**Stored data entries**
=== Begin Enclosure ===
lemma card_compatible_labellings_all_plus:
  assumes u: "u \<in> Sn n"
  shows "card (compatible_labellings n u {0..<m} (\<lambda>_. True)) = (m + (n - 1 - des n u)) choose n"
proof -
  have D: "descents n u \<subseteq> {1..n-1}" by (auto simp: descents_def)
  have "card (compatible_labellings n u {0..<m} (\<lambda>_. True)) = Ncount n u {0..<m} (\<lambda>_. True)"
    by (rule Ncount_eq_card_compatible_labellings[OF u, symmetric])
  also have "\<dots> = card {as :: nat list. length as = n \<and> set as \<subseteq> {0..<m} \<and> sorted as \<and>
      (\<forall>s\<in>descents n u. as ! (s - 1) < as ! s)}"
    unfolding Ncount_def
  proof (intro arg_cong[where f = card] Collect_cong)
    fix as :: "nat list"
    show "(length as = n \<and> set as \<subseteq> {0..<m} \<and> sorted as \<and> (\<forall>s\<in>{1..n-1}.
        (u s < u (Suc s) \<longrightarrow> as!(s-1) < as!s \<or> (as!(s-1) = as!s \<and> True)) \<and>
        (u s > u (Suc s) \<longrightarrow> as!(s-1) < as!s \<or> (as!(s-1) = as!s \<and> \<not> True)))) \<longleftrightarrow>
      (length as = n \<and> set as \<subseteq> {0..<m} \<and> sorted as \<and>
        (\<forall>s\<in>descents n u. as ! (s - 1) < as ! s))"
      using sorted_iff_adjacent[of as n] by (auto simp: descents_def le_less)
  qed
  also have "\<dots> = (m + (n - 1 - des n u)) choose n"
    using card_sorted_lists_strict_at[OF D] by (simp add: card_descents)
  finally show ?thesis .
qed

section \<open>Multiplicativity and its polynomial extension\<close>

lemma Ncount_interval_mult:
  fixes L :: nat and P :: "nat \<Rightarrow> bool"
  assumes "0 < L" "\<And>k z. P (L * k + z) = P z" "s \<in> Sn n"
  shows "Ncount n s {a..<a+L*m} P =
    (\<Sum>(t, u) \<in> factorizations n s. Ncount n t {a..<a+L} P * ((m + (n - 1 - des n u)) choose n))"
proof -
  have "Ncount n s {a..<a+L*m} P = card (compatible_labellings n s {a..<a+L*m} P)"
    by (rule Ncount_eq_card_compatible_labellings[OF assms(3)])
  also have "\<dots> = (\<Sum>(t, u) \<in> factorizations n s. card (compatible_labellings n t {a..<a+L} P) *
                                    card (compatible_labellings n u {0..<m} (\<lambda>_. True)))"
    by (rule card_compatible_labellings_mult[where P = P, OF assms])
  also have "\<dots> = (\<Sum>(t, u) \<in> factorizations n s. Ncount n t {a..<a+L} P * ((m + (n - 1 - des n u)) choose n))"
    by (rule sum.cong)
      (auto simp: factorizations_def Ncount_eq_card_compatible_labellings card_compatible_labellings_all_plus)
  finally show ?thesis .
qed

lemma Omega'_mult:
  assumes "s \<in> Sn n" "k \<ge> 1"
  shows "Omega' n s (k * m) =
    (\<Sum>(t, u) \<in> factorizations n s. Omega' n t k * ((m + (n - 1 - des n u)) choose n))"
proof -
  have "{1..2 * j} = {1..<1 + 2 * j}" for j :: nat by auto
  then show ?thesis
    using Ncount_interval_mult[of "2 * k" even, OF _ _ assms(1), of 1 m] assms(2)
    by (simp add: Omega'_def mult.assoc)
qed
=== End Enclosure ===
**WORK TO BE COMPLETED**
Write out each entry exactly, and omit nothing.

**ANSWER SECTION**
lemma card_compatible_labellings_all_plus:
  assumes u: "u \<in> Sn n"
  shows "card (compatible_labellings n u {0..<m} (\<lambda>_. True)) = (m + (n - 1 - des n u)) choose n"
proof -
  have D: "descents n u \<subseteq> {1..n-1}" by (auto simp: descents_def)
  have "card (compatible_labellings n u {0..<m} (\<lambda>_. True)) = Ncount n u {0..<m} (\<lambda>_. True)"
    by (rule Ncount_eq_card_compatible_labellings[OF u, symmetric])
  also have "\<dots> = card {as :: nat list. length as = n \<and> set as \<subseteq> {0..<m} \<and> sorted as \<and>
      (\<forall>s\<in>descents n u. as ! (s - 1) < as ! s)}"
    unfolding Ncount_def
  proof (intro arg_cong[where f = card] Collect_cong)
    fix as :: "nat list"
    show "(length as = n \<and> set as \<subseteq> {0..<m} \<and> sorted as \<and> (\<forall>s\<in>{1..n-1}.
        (u s < u (Suc s) \<longrightarrow> as!(s-1) < as!s \<or> (as!(s-1) = as!s \<and> True)) \<and>
        (u s > u (Suc s) \<longrightarrow> as!(s-1) < as!s \<or> (as!(s-1) = as!s \<and> \<not> True)))) \<longleftrightarrow>
      (length as = n \<and> set as \<subseteq> {0..<m} \<and> sorted as \<and>
        (\<forall>s\<in>descents n u. as ! (s - 1) < as ! s))"
      using sorted_iff_adjacent[of as n] by (auto simp: descents_def le_less)
  qed
  also have "\<dots> = (m + (n - 1 - des n u)) choose n"
    using card_sorted_lists_strict_at[OF D] by (simp add: card_descents)
  finally show ?thesis .
qed

section \<open>Multiplicativity and its polynomial extension\<close>

lemma Ncount_interval_mult:
  fixes L :: nat and P :: "nat \<Rightarrow> bool"
  assumes "0 < L" "\<And>k z. P (L * k + z) = P z" "s \<in> Sn n"
  shows "Ncount n s {a..<a+L*m} P =
    (\<Sum>(t, u) \<in> factorizations n s. Ncount n t {a..<a+L} P * ((m + (n - 1 - des n u)) choose n))"
proof -
  have "Ncount n s {a..<a+L*m} P = card (compatible_labellings n s {a..<a+L*m} P)"
    by (rule Ncount_eq_card_compatible_labellings[OF assms(3)])
  also have "\<dots> = (\<Sum>(t, u) \<in> factorizations n s. card (compatible_labellings n t {a..<a+L} P) *
                                    card (compatible_labellings n u {0..<m} (\<lambda>_. True)))"
    by (rule card_compatible_labellings_mult[where P = P, OF assms])
  also have "\<dots> = (\<Sum>(t, u) \<in> factorizations n s. Ncount n t {a..<a+L} P * ((m + (n - 1 - des n u)) choose n))"
    by (rule sum.cong)
      (auto simp: factorizations_def Ncount_eq_card_compatible_labellings card_compatible_labellings_all_plus)
  finally show ?thesis .
qed

lemma Omega'_mult:
  assumes "s \<in> Sn n" "k \<ge> 1"
  shows "Omega' n s (k * m) =
    (\<Sum>(t, u) \<in> factorizations n s. Omega' n t k * ((m + (n - 1 - des n u)) choose n))"
proof -
  have "{1..2 * j} = {1..<1 + 2 * j}" for j :: nat by auto
  then show ?thesis
    using Ncount_interval_mult[of "2 * k" even, OF _ _ assms(1), of 1 m] assms(2)
    by (simp add: Omega'_def mult.assoc)
qed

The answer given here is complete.